California False Claims Act – Qui Tam Whistleblower
Passed in 1987, California’s False Claim Act (FCA) was modeled after the newly amended federal false claims act [link to fed page]. The California False Claims Act permits the Attorney General to bring a civil action to recover damages and penalties against any person who knowingly uses or makes a false statement or document, to obtain money or property from the State or avoid paying to the State.
California also allows for “qui tam” lawsuits, which are civil suits brought by a whistleblower (or “relator”) to prosecute false claims on behalf of the state and obtain a portion of the award. Though the government may, upon review of the allegations, join or “intervene” in the lawsuit, the whistleblower is still eligible to receive a percentage of the recovery (15-33%), depending upon the extent of his/her contribution to the prosecution of the fraud.

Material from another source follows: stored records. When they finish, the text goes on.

lemma perm_mat_mult:
  assumes f: "bij_betw f {0..<n} S" and \<beta>: "\<And>s. s \<in> S \<Longrightarrow> \<beta> s \<in> S"
    and \<gamma>: "\<And>s. s \<in> S \<Longrightarrow> \<gamma> s = \<alpha> (\<beta> s)"
  shows "perm_mat n f \<gamma> = perm_mat n f \<alpha> * perm_mat n f \<beta>"
proof -
  have f_in: "f j \<in> S" if "j < n" for j
    using bij_betw_apply[OF f] that by simp
  have f_inj: "f i = f j \<longleftrightarrow> i = j" if "i < n" "j < n" for i j
    using bij_betw_imp_inj_on[OF f] that by (auto dest: inj_onD)
  show ?thesis
  proof (rule eq_matI)
    fix i j
    assume "i < dim_row (perm_mat n f \<alpha> * perm_mat n f \<beta>)" "j < dim_col (perm_mat n f \<alpha> * perm_mat n f \<beta>)"
    then have i: "i < n" and j: "j < n"
      unfolding perm_mat_def by auto
    obtain l0 where l0: "l0 \<in> {0..<n}" "\<beta> (f j) = f l0"
      using \<beta>[OF f_in[OF j]] unfolding bij_betw_imp_surj_on[OF f, symmetric] by blast
    have "(perm_mat n f \<alpha> * perm_mat n f \<beta>) $$ (i, j) =
        (\<Sum>l\<in>{0..<n}. perm_mat n f \<alpha> $$ (i, l) * perm_mat n f \<beta> $$ (l, j))"
      using i j unfolding perm_mat_def by (simp add: scalar_prod_def)
    also have "\<dots> = (\<Sum>l\<in>{0..<n}. if l = l0 then perm_mat n f \<alpha> $$ (i, l0) else 0)"
    proof (rule sum.cong[OF refl])
      fix l
      assume "l \<in> {0..<n}"
      then have l: "l < n" by simp
      have "\<beta> (f j) = f l \<longleftrightarrow> l = l0"
        using f_inj[of l l0] l l0 by auto
      then show "perm_mat n f \<alpha> $$ (i, l) * perm_mat n f \<beta> $$ (l, j) =
          (if l = l0 then perm_mat n f \<alpha> $$ (i, l0) else 0)"
        using i j l unfolding perm_mat_def by auto
    qed
    also have "\<dots> = perm_mat n f \<gamma> $$ (i, j)"
      using i j l0 \<gamma>[OF f_in[OF j]] unfolding perm_mat_def by simp
    finally show "perm_mat n f \<gamma> $$ (i, j) = (perm_mat n f \<alpha> * perm_mat n f \<beta>) $$ (i, j)" ..
  qed (simp_all add: perm_mat_def)
qed

context group
begin

lemma is_rep_conjugate:
  assumes r: "is_rep G n \<rho>" and P: "P \<in> carrier_mat n n" and Q: "Q \<in> carrier_mat n n"
    and QP: "Q * P = 1\<^sub>m n" and PQ: "P * Q = 1\<^sub>m n"
  shows "is_rep G n (\<lambda>x. Q * \<rho> x * P)"
  unfolding is_rep_def
proof (intro conjI ballI)
  fix x
  assume "x \<in> carrier G"
  then show "Q * \<rho> x * P \<in> carrier_mat n n"
    using P Q is_rep_carrier[OF r] by auto
next
  show "Q * \<rho> \<one> * P = 1\<^sub>m n"
    using Q QP is_rep_one[OF r] by simp
next
  fix x y
  assume x: "x \<in> carrier G" and y: "y \<in> carrier G"
  have rx: "\<rho> x \<in> carrier_mat n n" and ry: "\<rho> y \<in> carrier_mat n n"
    using is_rep_carrier[OF r] x y by auto
  have Qx: "Q * \<rho> x \<in> carrier_mat n n" and yP: "\<rho> y * P \<in> carrier_mat n n"
    using Q P rx ry by auto
  have "Q * \<rho> x * P * (Q * \<rho> y * P) = (Q * \<rho> x) * (P * (Q * (\<rho> y * P)))"
    using assoc_mult_mat[OF Q ry P] assoc_mult_mat[OF Qx P mult_carrier_mat[OF Q yP]] by simp
  also have "P * (Q * (\<rho> y * P)) = \<rho> y * P"
    using assoc_mult_mat[OF P Q yP, symmetric] PQ left_mult_one_mat[OF yP] by simp
  also have "(Q * \<rho> x) * (\<rho> y * P) = Q * (\<rho> x * \<rho> y) * P"
    using assoc_mult_mat[OF Qx ry P, symmetric] assoc_mult_mat[OF Q rx ry] by simp
  finally show "Q * \<rho> (x \<otimes> y) * P = Q * \<rho> x * P * (Q * \<rho> y * P)"
    using is_rep_mult[OF r x y] by simp
qed

lemma block_triangular_is_rep:
  assumes T: "is_rep G (k + l) T"
    and blk: "\<And>x. x \<in> carrier G \<Longrightarrow> A x \<in> carrier_mat k k \<and> B x \<in> carrier_mat k l \<and>
      C x \<in> carrier_mat l l \<and> T x = four_block_mat (A x) (B x) (0\<^sub>m l k) (C x)"
  shows "is_rep G k A" and "is_rep G l C"
proof -
  have one: "A \<one> = 1\<^sub>m k \<and> C \<one> = 1\<^sub>m l"
    using blk[OF one_closed] is_rep_one[OF T] four_block_mat_eq_one_mat by metis
  have mult: "A (x \<otimes> y) = A x * A y \<and> C (x \<otimes> y) = C x * C y"
    if x: "x \<in> carrier G" and y: "y \<in> carrier G" for x y
  proof -
    have xy: "x \<otimes> y \<in> carrier G"
      using x y by simp
    have "four_block_mat (A (x \<otimes> y)) (B (x \<otimes> y)) (0\<^sub>m l k) (C (x \<otimes> y)) = T x * T y"
      using blk[OF xy] is_rep_mult[OF T x y] by simp
    also have "\<dots> = four_block_mat (A x * A y) (A x * B y + B x * C y) (0\<^sub>m l k) (C x * C y)"
      using blk[OF x] blk[OF y] by (simp add: four_block_mat_upper_mult)
    finally have e: "four_block_mat (A (x \<otimes> y)) (B (x \<otimes> y)) (0\<^sub>m l k) (C (x \<otimes> y)) =
      four_block_mat (A x * A y) (A x * B y + B x * C y) (0\<^sub>m l k) (C x * C y)" .
    have blk_xy: "A (x \<otimes> y) \<in> carrier_mat k k" "B (x \<otimes> y) \<in> carrier_mat k l" "C (x \<otimes> y) \<in> carrier_mat l l"
      using blk[OF xy] by auto
    have prods: "A x * A y \<in> carrier_mat k k" "A x * B y + B x * C y \<in> carrier_mat k l"
      "C x * C y \<in> carrier_mat l l"
      using blk[OF x] blk[OF y] by auto
    show ?thesis
      using four_block_mat_inj[OF blk_xy(1,2) zero_carrier_mat blk_xy(3) prods(1,2) zero_carrier_mat prods(3) e]
      by simp
  qed
  show "is_rep G k A" "is_rep G l C"
    using blk one mult unfolding is_rep_def by auto
qed

lemma reducible_rep_block_triangular:
  assumes r: "is_rep G d \<rho>" and W: "invariant_subspace G d \<rho> W"
    and nz: "W \<noteq> {0\<^sub>v d}" and nf: "W \<noteq> carrier_vec d"
  obtains k l P Q A B C where "0 < k" and "0 < l" and "d = k + l"
    and "P \<in> carrier_mat d d" and "Q \<in> carrier_mat d d" and "Q * P = 1\<^sub>m d" and "P * Q = 1\<^sub>m d"
    and "is_rep G k A"
    and "\<And>x. x \<in> carrier G \<Longrightarrow>
      B x \<in> carrier_mat k l \<and> Q * \<rho> x * P = four_block_mat (A x) (B x) (0\<^sub>m l k) (C x)"
    and "is_rep G l C"
proof -
  have sub: "vec_subspace d W" and inv: "\<And>x w. x \<in> carrier G \<Longrightarrow> w \<in> W \<Longrightarrow> \<rho> x *\<^sub>v w \<in> W"
    using W unfolding invariant_subspace_def vec_subspace_def by auto
  obtain k P Q where k: "0 < k" "k < d" and P: "P \<in> carrier_mat d d" and Q: "Q \<in> carrier_mat d d"
    and QP: "Q * P = 1\<^sub>m d" and PQ: "P * Q = 1\<^sub>m d" and colP: "\<And>j. j < k \<Longrightarrow> col P j \<in> W"
    and coord: "\<And>w i. w \<in> W \<Longrightarrow> k \<le> i \<Longrightarrow> i < d \<Longrightarrow> (Q *\<^sub>v w) $ i = 0"
    using subspace_adapted_basis[OF sub nz nf] by blast
  define l where "l = d - k"
  define T where "T x = Q * \<rho> x * P" for x
  define A where "A x = mat k k (\<lambda>(i, j). T x $$ (i, j))" for x
  define B where "B x = mat k l (\<lambda>(i, j). T x $$ (i, j + k))" for x
  define C where "C x = mat l l (\<lambda>(i, j). T x $$ (i + k, j + k))" for x
  have d: "d = k + l"
    using k unfolding l_def by simp
  have T: "is_rep G (k + l) T"
    using is_rep_conjugate[OF r P Q QP PQ] unfolding T_def d .
  have lower: "T x $$ (i, j) = 0" if x: "x \<in> carrier G" and i: "k \<le> i" "i < k + l" and j: "j < k"
    for x i j
  proof -
    \<comment> \<open>\<rho> x maps the j-th column of P, which lies in W, back into W\<close>
    have rx: "\<rho> x \<in> carrier_mat d d"
      by (rule is_rep_carrier[OF r x])
    have "T x $$ (i, j) = row (Q * \<rho> x) i \<bullet> col P j"
      unfolding T_def using i(2) j k(2) P Q rx d by (subst index_mult_mat(1)) auto
    also have "\<dots> = ((Q * \<rho> x) *\<^sub>v col P j) $ i"
      using i(2) P Q rx d by (subst index_mult_mat_vec) auto
    also have "\<dots> = (Q *\<^sub>v (\<rho> x *\<^sub>v col P j)) $ i"
      using assoc_mult_mat_vec[OF Q rx] P carrier_vec_dim_vec[of "col P j"] by simp
    also have "\<dots> = 0"
      using coord inv[OF x colP[OF j]] i d by auto
    finally show ?thesis .
  qed
  have blk: "A x \<in> carrier_mat k k \<and> B x \<in> carrier_mat k l \<and> C x \<in> carrier_mat l l \<and>
      T x = four_block_mat (A x) (B x) (0\<^sub>m l k) (C x)" if x: "x \<in> carrier G" for x
    unfolding A_def B_def C_def
    using four_block_mat_of_lower_left_zero[OF is_rep_carrier[OF T x] lower[OF x]] by auto
  show thesis
  proof (rule that[of k l P Q A B C])
    show "is_rep G k A" "is_rep G l C"
      using block_triangular_is_rep[OF T blk] by auto
  qed (use k d P Q QP PQ blk in \<open>auto simp: T_def\<close>)
qed
lemma regular_cx_hdz:
  assumes "regular_cx d S2"
  shows "regular_cx (2 * d) (hdz GG S2)"
  unfolding regular_cx_def
proof
  fix e assume "e \<in> edges2 (hdz GG S2)"
  then obtain x y \<sigma> g where e: "e = {x, y}" "x \<noteq> y" and "\<sigma> \<in> S2" "g \<in> carrier GG"
    and "e \<subseteq> (\<lambda>z. z \<otimes> g) ` \<sigma>"
    unfolding edges2_def hdz_def by (auto simp: card_2_iff)
  then obtain r s where "s \<in> \<sigma>" "r \<in> \<sigma>" "x = s \<otimes> g" "y = r \<otimes> g" by auto
  moreover have "s \<in> carrier GG" "r \<in> carrier GG"
    using triangle_subset_carrier \<open>\<sigma> \<in> S2\<close> \<open>s \<in> \<sigma>\<close> \<open>r \<in> \<sigma>\<close> by auto
  moreover have "{r, s} \<in> edges2 S2"
    using edges2_pairI \<open>\<sigma> \<in> S2\<close> calculation(1-4) \<open>x \<noteq> y\<close> by blast
  ultimately show "card {\<tau> \<in> hdz GG S2. e \<subseteq> \<tau>} = 2 * d"
    using card_triangles_through_edge[OF assms] \<open>g \<in> carrier GG\<close> e
    by (simp add: mult_inv_translate_right)
qed

end

lemma half_shift_inverse_imp_ne_one:
  fixes K :: nat
  assumes "group H" and "even K" and "i < K"
    and "inj_on f {..<K}" and "inv\<^bsub>H\<^esub> (f i) = f ((i + K div 2) mod K)"
  shows "f i \<noteq> \<one>\<^bsub>H\<^esub>"
proof
  assume "f i = \<one>\<^bsub>H\<^esub>"
  then have "f ((i + K div 2) mod K) = f i"
    using assms(1,5) by (simp add: group.is_monoid monoid.inv_one)
  then have "(i + K div 2) mod K = i"
    using assms(3,4) by (auto dest: inj_onD)
  then show False
    using assms(2,3) by (auto elim!: evenE simp: mod_if split: if_splits)
qed
text \<open>This is the
  chain condition needed for Zorn's lemma.\<close>

lemma sublinear_Inf_chain:
  fixes D :: "('a::real_vector \<Rightarrow> real) set"
  assumes ne: "D \<noteq> {}"
    and sub: "\<And>q. q \<in> D \<Longrightarrow> sublinear q" and dom: "\<And>q. q \<in> D \<Longrightarrow> q \<le> p"
    and chain: "\<And>q1 q2. q1 \<in> D \<Longrightarrow> q2 \<in> D \<Longrightarrow> q1 \<le> q2 \<or> q2 \<le> q1"
  shows "sublinear (\<lambda>x. INF q\<in>D. q x)" and "r \<in> D \<Longrightarrow> (\<lambda>x. INF q\<in>D. q x) \<le> r"
proof -
  let ?g = "\<lambda>x. INF q\<in>D. q x"
  have "- p (- x) \<le> q x" if "q \<in> D" for q x
    using sublinear_lower[OF sub[OF that], of x] le_funD[OF dom[OF that], of "- x"] by linarith
  hence bdd: "bdd_below ((\<lambda>q. q x) ` D)" for x by (auto simp: bdd_below_def)
  have g_le: "?g x \<le> q x" if "q \<in> D" for q x by (rule cINF_lower[OF bdd that])
  show "?g \<le> r" if "r \<in> D" using g_le[OF that] by (simp add: le_fun_def)
  show "sublinear ?g"
  proof (rule sublinearI)
    show "?g (x + y) \<le> ?g x + ?g y" for x y
    proof (rule Inf_add_le)
      fix a b assume "a \<in> (\<lambda>q. q x) ` D" "b \<in> (\<lambda>q. q y) ` D"
      then obtain q1 q2 where q: "q1 \<in> D" "q2 \<in> D" "a = q1 x" "b = q2 y" by auto
      have "?g (x + y) \<le> q x + q y" if "q \<in> D" for q
        using g_le[OF that] sublinear_add[OF sub[OF that]] order_trans by blast
      hence "?g (x + y) \<le> min (q1 x + q1 y) (q2 x + q2 y)" using q(1,2) by simp
      also have "\<dots> \<le> a + b" using chain[OF q(1,2)] q(3,4) unfolding le_fun_def
        by (metis add_le_cancel_left add_le_cancel_right min.coboundedI1 min.coboundedI2)
      finally show "?g (x + y) \<le> a + b" .
    qed (use ne in auto)
    show "?g (c *\<^sub>R x) \<le> c * ?g x" if c: "c > 0" for c x
    proof -
      have "?g (c *\<^sub>R x) / c \<le> q x" if "q \<in> D" for q
        using g_le[OF that, of "c *\<^sub>R x"] sublinear_scale[OF sub[OF that], of c] c
        by (simp add: field_simps)
      hence "?g (c *\<^sub>R x) / c \<le> ?g x" using ne by (intro cINF_greatest)
      thus ?thesis using c by (simp add: field_simps)
    qed
  qed
qed

lemma sublinear_shift:
  fixes q :: "'a::real_vector \<Rightarrow> real" and x :: 'a
  assumes q: "sublinear q"
  defines "h \<equiv> \<lambda>y. Inf {q (y + t *\<^sub>R x) - t * q x | t. t \<ge> 0}"
  shows "sublinear h" and "h \<le> q" and "h (- x) \<le> - q x"
proof -
  define A where "A y = {q (y + t *\<^sub>R x) - t * q x | t. t \<ge> 0}" for y
  have h_A: "h y = Inf (A y)" for y unfolding h_def A_def ..
  have A_ne: "A y \<noteq> {}" for y unfolding A_def by auto
  have "- q (- y) \<le> q (y + t *\<^sub>R x) - t * q x" if "t \<ge> 0" for y t
    using sublinear_add[OF q, of "y + t *\<^sub>R x" "- y"] sublinear_scale[OF q that] by simp
  hence "bdd_below (A y)" for y unfolding A_def bdd_below_def by blast
  hence h_le: "h y \<le> q (y + t *\<^sub>R x) - t * q x" if "t \<ge> 0" for y t
    unfolding h_A using that by (intro cInf_lower) (auto simp: A_def)
  show "sublinear h"
  proof (rule sublinearI)
    show "h (y1 + y2) \<le> h y1 + h y2" for y1 y2 unfolding h_A[of y1] h_A[of y2]
    proof (rule Inf_add_le[OF A_ne A_ne])
      fix a b assume "a \<in> A y1" "b \<in> A y2"
      then obtain t1 t2 where t: "t1 \<ge> 0" "a = q (y1 + t1 *\<^sub>R x) - t1 * q x"
        "t2 \<ge> 0" "b = q (y2 + t2 *\<^sub>R x) - t2 * q x" unfolding A_def by auto
      have "h (y1 + y2) \<le> q ((y1 + t1 *\<^sub>R x) + (y2 + t2 *\<^sub>R x)) - (t1 + t2) * q x"
        using h_le[of "t1 + t2" "y1 + y2"] t by (simp add: algebra_simps)
      also have "\<dots> \<le> a + b"
        using sublinear_add[OF q, of "y1 + t1 *\<^sub>R x" "y2 + t2 *\<^sub>R x"] t by (simp add: algebra_simps)
      finally show "h (y1 + y2) \<le> a + b" .
    qed
    show "h (c *\<^sub>R y) \<le> c * h y" if c: "c > 0" for c y
    proof -
      have "h (c *\<^sub>R y) / c \<le> a" if "a \<in> A y" for a
      proof -
        obtain t where t: "t \<ge> 0" "a = q (y + t *\<^sub>R x) - t * q x" using \<open>a \<in> A y\<close> unfolding A_def by auto
        have "c *\<^sub>R y + (c * t) *\<^sub>R x = c *\<^sub>R (y + t *\<^sub>R x)" by (simp add: algebra_simps)
        hence "h (c *\<^sub>R y) \<le> q (c *\<^sub>R (y + t *\<^sub>R x)) - (c * t) * q x"
          using h_le[of "c * t" "c *\<^sub>R y"] t c by simp
        also have "\<dots> = c * a"
          using sublinear_scale[OF q, of c "y + t *\<^sub>R x"] c t by (simp add: right_diff_distrib)
        finally show ?thesis using c by (simp add: field_simps)
      qed
      hence "h (c *\<^sub>R y) / c \<le> h y" unfolding h_A[of y] by (intro cInf_greatest A_ne)
      thus ?thesis using c by (simp add: field_simps)
    qed
  qed
  show "h \<le> q" using h_le[of 0] by (simp add: le_fun_def)
  show "h (- x) \<le> - q x" using h_le[of 1 "- x"] sublinear_zero[OF q] by simp
qed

California False Claims Act
The California False Claim Act makes it illegal to knowingly do any of the following:
- Present or cause to be presented to the government a false claim for payment or approval;
- Make, use, or cause to be made or used a false record or statement to get a false claim paid or approved by the government;
- Conspire to defraud the government by getting a false claim allowed or paid;
- Deliver or cause to be delivered less public property or money than reflected on a receipt or certificate;
- Make or deliver a receipt by an authorized person that falsely represents the property to be used by the government;
- Buy or receive a pledge of public property from any person who may not lawfully sell or pledge it;
- Make, use, or cause to be made or used a false record or statement to conceal, avoid, or decrease an obligation to pay or transmit money or property to the government (also known as a reverse false claim); or
- Be the beneficiary of an inadvertent false claim who discovers its falsity and fails to disclose it to the government within a reasonable time.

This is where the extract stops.